#### Source records ####
(* Let $Q$ be a finite quiver, $A=\Bbbk Q/(\geq 2)$, $J$ the ideal of $A$ generated by the loops, $B=A/J$. For each vertex $i$ let $\tilde P_i=Be_i$, let $\tilde I_i$ be the indecomposable injective $B$-module at $i$, and let $S_i$ be the simple module at $i$; regard these as $A$-modules. Then: (1) If $i\neq j$ and $\{\tilde P_i,\tilde P_j\}$ is a brick set in $A$-mod, then $\mathrm{Ext}^1_A(\tilde P_i,\tilde P_j)=0$; and if $\tilde P_i\not\cong S_i$ then $\mathrm{Ext}^1_A(\tilde P_i,\tilde P_i)=0$. (2) If $i\neq j$ and $\{\tilde I_i,\tilde I_j\}$ is a brick set in $A$-mod, then $\mathrm{Ext}^1_A(\tilde I_i,\tilde I_j)=0$; and if $\tilde I_i\not\cong S_i$ then $\mathrm{Ext}^1_A(\tilde I_i,\tilde I_i)=0$. (3) If $i\neq j$ then $\mathrm{Ext}^1_A(\tilde P_i,S_j)=0$. (4) If $i\neq j$ then $\mathrm{Ext}^1_A(S_i,\tilde I_j)=0$.
   Context: $\Bbbk$ is an algebraically closed field; $\Bbbk Q$ is the path algebra with $e_i\alpha=\delta_{i,t(\alpha)}\alpha$, $\alpha e_j=\delta_{j,s(\alpha)}\alpha$; $(\geq 2)$ is the ideal generated by paths of length $\geq 2$; modules are finite-dimensional left modules, and a $B$-module is regarded as an $A$-module via $A\to B=A/J$. The indecomposable injective $B$-module at $i$ is $\tilde I_i=\mathrm{Hom}_\Bbbk(e_iB,\Bbbk)$. A brick is a module $M$ with $\mathrm{End}(M)=\Bbbk$; a set $\{X_1,\dots,X_k\}$ of nonzero modules is a brick set if each is a brick and $\dim\mathrm{Hom}(X_a,X_b)=\delta_{ab}$. *)

theory Defs
  imports "HOL-Computational_Algebra.Polynomial" "Jordan_Normal_Form.Matrix"
begin

record quiver =
  nv  :: nat
  na  :: nat
  src :: "nat \<Rightarrow> nat"
  tgt :: "nat \<Rightarrow> nat"

definition quiver_wf :: "quiver \<Rightarrow> bool" where
  "quiver_wf Q \<longleftrightarrow> (\<forall>a < na Q. src Q a < nv Q \<and> tgt Q a < nv Q)"

definition is_loop :: "quiver \<Rightarrow> nat \<Rightarrow> bool" where
  "is_loop Q a \<longleftrightarrow> src Q a = tgt Q a"

text \<open>Basis elements of A: trivial paths e_v and arrows.\<close>
datatype pbasis = Vtx nat | Arr nat

definition basisA :: "quiver \<Rightarrow> pbasis list" where
  "basisA Q = map Vtx [0..<nv Q] @ map Arr [0..<na Q]"

text \<open>Product of basis elements in A (None means the product is 0).
  Conventions: e_i a = [i = t(a)] a,  a e_j = [j = s(a)] a, paths of length 2 vanish.\<close>
fun mulA :: "quiver \<Rightarrow> pbasis \<Rightarrow> pbasis \<Rightarrow> pbasis option" where
  "mulA Q (Vtx i) (Vtx j) = (if i = j then Some (Vtx i) else None)"
| "mulA Q (Vtx i) (Arr a) = (if i = tgt Q a then Some (Arr a) else None)"
| "mulA Q (Arr a) (Vtx j) = (if j = src Q a then Some (Arr a) else None)"
| "mulA Q (Arr a) (Arr b) = None"

text \<open>B = A/J, J generated by the loops: basis = vertices and non-loop arrows.
  mulB is the multiplication of B pulled back along A \<rightarrow> B (loops map to 0).\<close>
definition basisB :: "quiver \<Rightarrow> pbasis list" where
  "basisB Q = map Vtx [0..<nv Q] @ map Arr (filter (\<lambda>a. \<not> is_loop Q a) [0..<na Q])"

fun loop_elt :: "quiver \<Rightarrow> pbasis \<Rightarrow> bool" where
  "loop_elt Q (Vtx i) = False"
| "loop_elt Q (Arr a) = is_loop Q a"

definition mulB :: "quiver \<Rightarrow> pbasis \<Rightarrow> pbasis \<Rightarrow> pbasis option" where
  "mulB Q b c = (if loop_elt Q b \<or> loop_elt Q c then None else mulA Q b c)"

text \<open>A module of dimension n over A is given by matrices (the action of each
  basis element of A) satisfying the multiplication table and unitality.\<close>
type_synonym 'k amod = "nat \<times> (pbasis \<Rightarrow> 'k mat)"

definition sum_mats :: "nat \<Rightarrow> 'k::field mat list \<Rightarrow> 'k mat" where
  "sum_mats n Ms = foldr (+) Ms (0\<^sub>m n n)"

definition is_Amod :: "quiver \<Rightarrow> 'k::field amod \<Rightarrow> bool" where
  "is_Amod Q M \<longleftrightarrow>
     (\<forall>b \<in> set (basisA Q). snd M b \<in> carrier_mat (fst M) (fst M)) \<and>
     (\<forall>b \<in> set (basisA Q). \<forall>c \<in> set (basisA Q).
        snd M b * snd M c = (case mulA Q b c of None \<Rightarrow> 0\<^sub>m (fst M) (fst M) | Some d \<Rightarrow> snd M d)) \<and>
     sum_mats (fst M) (map (\<lambda>v. snd M (Vtx v)) [0..<nv Q]) = 1\<^sub>m (fst M)"

definition is_hom :: "quiver \<Rightarrow> 'k::field amod \<Rightarrow> 'k amod \<Rightarrow> 'k mat \<Rightarrow> bool" where
  "is_hom Q M N f \<longleftrightarrow> f \<in> carrier_mat (fst N) (fst M) \<and>
     (\<forall>b \<in> set (basisA Q). f * snd M b = snd N b * f)"

definition mod_iso :: "quiver \<Rightarrow> 'k::field amod \<Rightarrow> 'k amod \<Rightarrow> bool" where
  "mod_iso Q M N \<longleftrightarrow> (\<exists>f g. is_hom Q M N f \<and> is_hom Q N M g \<and>
     g * f = 1\<^sub>m (fst M) \<and> f * g = 1\<^sub>m (fst N))"

definition is_brick :: "quiver \<Rightarrow> 'k::field amod \<Rightarrow> bool" where
  "is_brick Q M \<longleftrightarrow> fst M > 0 \<and> (\<forall>f. is_hom Q M M f \<longrightarrow> (\<exists>c. f = c \<cdot>\<^sub>m 1\<^sub>m (fst M)))"

definition brick_pair :: "quiver \<Rightarrow> 'k::field amod \<Rightarrow> 'k amod \<Rightarrow> bool" where
  "brick_pair Q X Y \<longleftrightarrow> is_brick Q X \<and> is_brick Q Y \<and>
     (\<forall>f. is_hom Q X Y f \<longrightarrow> f = 0\<^sub>m (fst Y) (fst X)) \<and>
     (\<forall>f. is_hom Q Y X f \<longrightarrow> f = 0\<^sub>m (fst X) (fst Y))"

definition short_exact :: "quiver \<Rightarrow> 'k::field amod \<Rightarrow> 'k amod \<Rightarrow> 'k amod \<Rightarrow> 'k mat \<Rightarrow> 'k mat \<Rightarrow> bool" where
  "short_exact Q N E M f g \<longleftrightarrow> is_hom Q N E f \<and> is_hom Q E M g \<and>
     (\<forall>v \<in> carrier_vec (fst N). f *\<^sub>v v = 0\<^sub>v (fst E) \<longrightarrow> v = 0\<^sub>v (fst N)) \<and>
     (\<forall>w \<in> carrier_vec (fst M). \<exists>v \<in> carrier_vec (fst E). g *\<^sub>v v = w) \<and>
     g * f = 0\<^sub>m (fst M) (fst N) \<and>
     (\<forall>v \<in> carrier_vec (fst E). g *\<^sub>v v = 0\<^sub>v (fst M) \<longrightarrow> (\<exists>u \<in> carrier_vec (fst N). v = f *\<^sub>v u))"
####
Task goal. Make an exact copy of the data above.

Response area.
(* Let $Q$ be a finite quiver, $A=\Bbbk Q/(\geq 2)$, $J$ the ideal of $A$ generated by the loops, $B=A/J$. For each vertex $i$ let $\tilde P_i=Be_i$, let $\tilde I_i$ be the indecomposable injective $B$-module at $i$, and let $S_i$ be the simple module at $i$; regard these as $A$-modules. Then: (1) If $i\neq j$ and $\{\tilde P_i,\tilde P_j\}$ is a brick set in $A$-mod, then $\mathrm{Ext}^1_A(\tilde P_i,\tilde P_j)=0$; and if $\tilde P_i\not\cong S_i$ then $\mathrm{Ext}^1_A(\tilde P_i,\tilde P_i)=0$. (2) If $i\neq j$ and $\{\tilde I_i,\tilde I_j\}$ is a brick set in $A$-mod, then $\mathrm{Ext}^1_A(\tilde I_i,\tilde I_j)=0$; and if $\tilde I_i\not\cong S_i$ then $\mathrm{Ext}^1_A(\tilde I_i,\tilde I_i)=0$. (3) If $i\neq j$ then $\mathrm{Ext}^1_A(\tilde P_i,S_j)=0$. (4) If $i\neq j$ then $\mathrm{Ext}^1_A(S_i,\tilde I_j)=0$.
   Context: $\Bbbk$ is an algebraically closed field; $\Bbbk Q$ is the path algebra with $e_i\alpha=\delta_{i,t(\alpha)}\alpha$, $\alpha e_j=\delta_{j,s(\alpha)}\alpha$; $(\geq 2)$ is the ideal generated by paths of length $\geq 2$; modules are finite-dimensional left modules, and a $B$-module is regarded as an $A$-module via $A\to B=A/J$. The indecomposable injective $B$-module at $i$ is $\tilde I_i=\mathrm{Hom}_\Bbbk(e_iB,\Bbbk)$. A brick is a module $M$ with $\mathrm{End}(M)=\Bbbk$; a set $\{X_1,\dots,X_k\}$ of nonzero modules is a brick set if each is a brick and $\dim\mathrm{Hom}(X_a,X_b)=\delta_{ab}$. *)

theory Defs
  imports "HOL-Computational_Algebra.Polynomial" "Jordan_Normal_Form.Matrix"
begin

record quiver =
  nv  :: nat
  na  :: nat
  src :: "nat \<Rightarrow> nat"
  tgt :: "nat \<Rightarrow> nat"

definition quiver_wf :: "quiver \<Rightarrow> bool" where
  "quiver_wf Q \<longleftrightarrow> (\<forall>a < na Q. src Q a < nv Q \<and> tgt Q a < nv Q)"

definition is_loop :: "quiver \<Rightarrow> nat \<Rightarrow> bool" where
  "is_loop Q a \<longleftrightarrow> src Q a = tgt Q a"

text \<open>Basis elements of A: trivial paths e_v and arrows.\<close>
datatype pbasis = Vtx nat | Arr nat

definition basisA :: "quiver \<Rightarrow> pbasis list" where
  "basisA Q = map Vtx [0..<nv Q] @ map Arr [0..<na Q]"

text \<open>Product of basis elements in A (None means the product is 0).
  Conventions: e_i a = [i = t(a)] a,  a e_j = [j = s(a)] a, paths of length 2 vanish.\<close>
fun mulA :: "quiver \<Rightarrow> pbasis \<Rightarrow> pbasis \<Rightarrow> pbasis option" where
  "mulA Q (Vtx i) (Vtx j) = (if i = j then Some (Vtx i) else None)"
| "mulA Q (Vtx i) (Arr a) = (if i = tgt Q a then Some (Arr a) else None)"
| "mulA Q (Arr a) (Vtx j) = (if j = src Q a then Some (Arr a) else None)"
| "mulA Q (Arr a) (Arr b) = None"

text \<open>B = A/J, J generated by the loops: basis = vertices and non-loop arrows.
  mulB is the multiplication of B pulled back along A \<rightarrow> B (loops map to 0).\<close>
definition basisB :: "quiver \<Rightarrow> pbasis list" where
  "basisB Q = map Vtx [0..<nv Q] @ map Arr (filter (\<lambda>a. \<not> is_loop Q a) [0..<na Q])"

fun loop_elt :: "quiver \<Rightarrow> pbasis \<Rightarrow> bool" where
  "loop_elt Q (Vtx i) = False"
| "loop_elt Q (Arr a) = is_loop Q a"

definition mulB :: "quiver \<Rightarrow> pbasis \<Rightarrow> pbasis \<Rightarrow> pbasis option" where
  "mulB Q b c = (if loop_elt Q b \<or> loop_elt Q c then None else mulA Q b c)"

text \<open>A module of dimension n over A is given by matrices (the action of each
  basis element of A) satisfying the multiplication table and unitality.\<close>
type_synonym 'k amod = "nat \<times> (pbasis \<Rightarrow> 'k mat)"

definition sum_mats :: "nat \<Rightarrow> 'k::field mat list \<Rightarrow> 'k mat" where
  "sum_mats n Ms = foldr (+) Ms (0\<^sub>m n n)"

definition is_Amod :: "quiver \<Rightarrow> 'k::field amod \<Rightarrow> bool" where
  "is_Amod Q M \<longleftrightarrow>
     (\<forall>b \<in> set (basisA Q). snd M b \<in> carrier_mat (fst M) (fst M)) \<and>
     (\<forall>b \<in> set (basisA Q). \<forall>c \<in> set (basisA Q).
        snd M b * snd M c = (case mulA Q b c of None \<Rightarrow> 0\<^sub>m (fst M) (fst M) | Some d \<Rightarrow> snd M d)) \<and>
     sum_mats (fst M) (map (\<lambda>v. snd M (Vtx v)) [0..<nv Q]) = 1\<^sub>m (fst M)"

definition is_hom :: "quiver \<Rightarrow> 'k::field amod \<Rightarrow> 'k amod \<Rightarrow> 'k mat \<Rightarrow> bool" where
  "is_hom Q M N f \<longleftrightarrow> f \<in> carrier_mat (fst N) (fst M) \<and>
     (\<forall>b \<in> set (basisA Q). f * snd M b = snd N b * f)"

definition mod_iso :: "quiver \<Rightarrow> 'k::field amod \<Rightarrow> 'k amod \<Rightarrow> bool" where
  "mod_iso Q M N \<longleftrightarrow> (\<exists>f g. is_hom Q M N f \<and> is_hom Q N M g \<and>
     g * f = 1\<^sub>m (fst M) \<and> f * g = 1\<^sub>m (fst N))"

definition is_brick :: "quiver \<Rightarrow> 'k::field amod \<Rightarrow> bool" where
  "is_brick Q M \<longleftrightarrow> fst M > 0 \<and> (\<forall>f. is_hom Q M M f \<longrightarrow> (\<exists>c. f = c \<cdot>\<^sub>m 1\<^sub>m (fst M)))"

definition brick_pair :: "quiver \<Rightarrow> 'k::field amod \<Rightarrow> 'k amod \<Rightarrow> bool" where
  "brick_pair Q X Y \<longleftrightarrow> is_brick Q X \<and> is_brick Q Y \<and>
     (\<forall>f. is_hom Q X Y f \<longrightarrow> f = 0\<^sub>m (fst Y) (fst X)) \<and>
     (\<forall>f. is_hom Q Y X f \<longrightarrow> f = 0\<^sub>m (fst X) (fst Y))"

definition short_exact :: "quiver \<Rightarrow> 'k::field amod \<Rightarrow> 'k amod \<Rightarrow> 'k amod \<Rightarrow> 'k mat \<Rightarrow> 'k mat \<Rightarrow> bool" where
  "short_exact Q N E M f g \<longleftrightarrow> is_hom Q N E f \<and> is_hom Q E M g \<and>
     (\<forall>v \<in> carrier_vec (fst N). f *\<^sub>v v = 0\<^sub>v (fst E) \<longrightarrow> v = 0\<^sub>v (fst N)) \<and>
     (\<forall>w \<in> carrier_vec (fst M). \<exists>v \<in> carrier_vec (fst E). g *\<^sub>v v = w) \<and>
     g * f = 0\<^sub>m (fst M) (fst N) \<and>
     (\<forall>v \<in> carrier_vec (fst E). g *\<^sub>v v = 0\<^sub>v (fst M) \<longrightarrow> (\<exists>u \<in> carrier_vec (fst N). v = f *\<^sub>v u))"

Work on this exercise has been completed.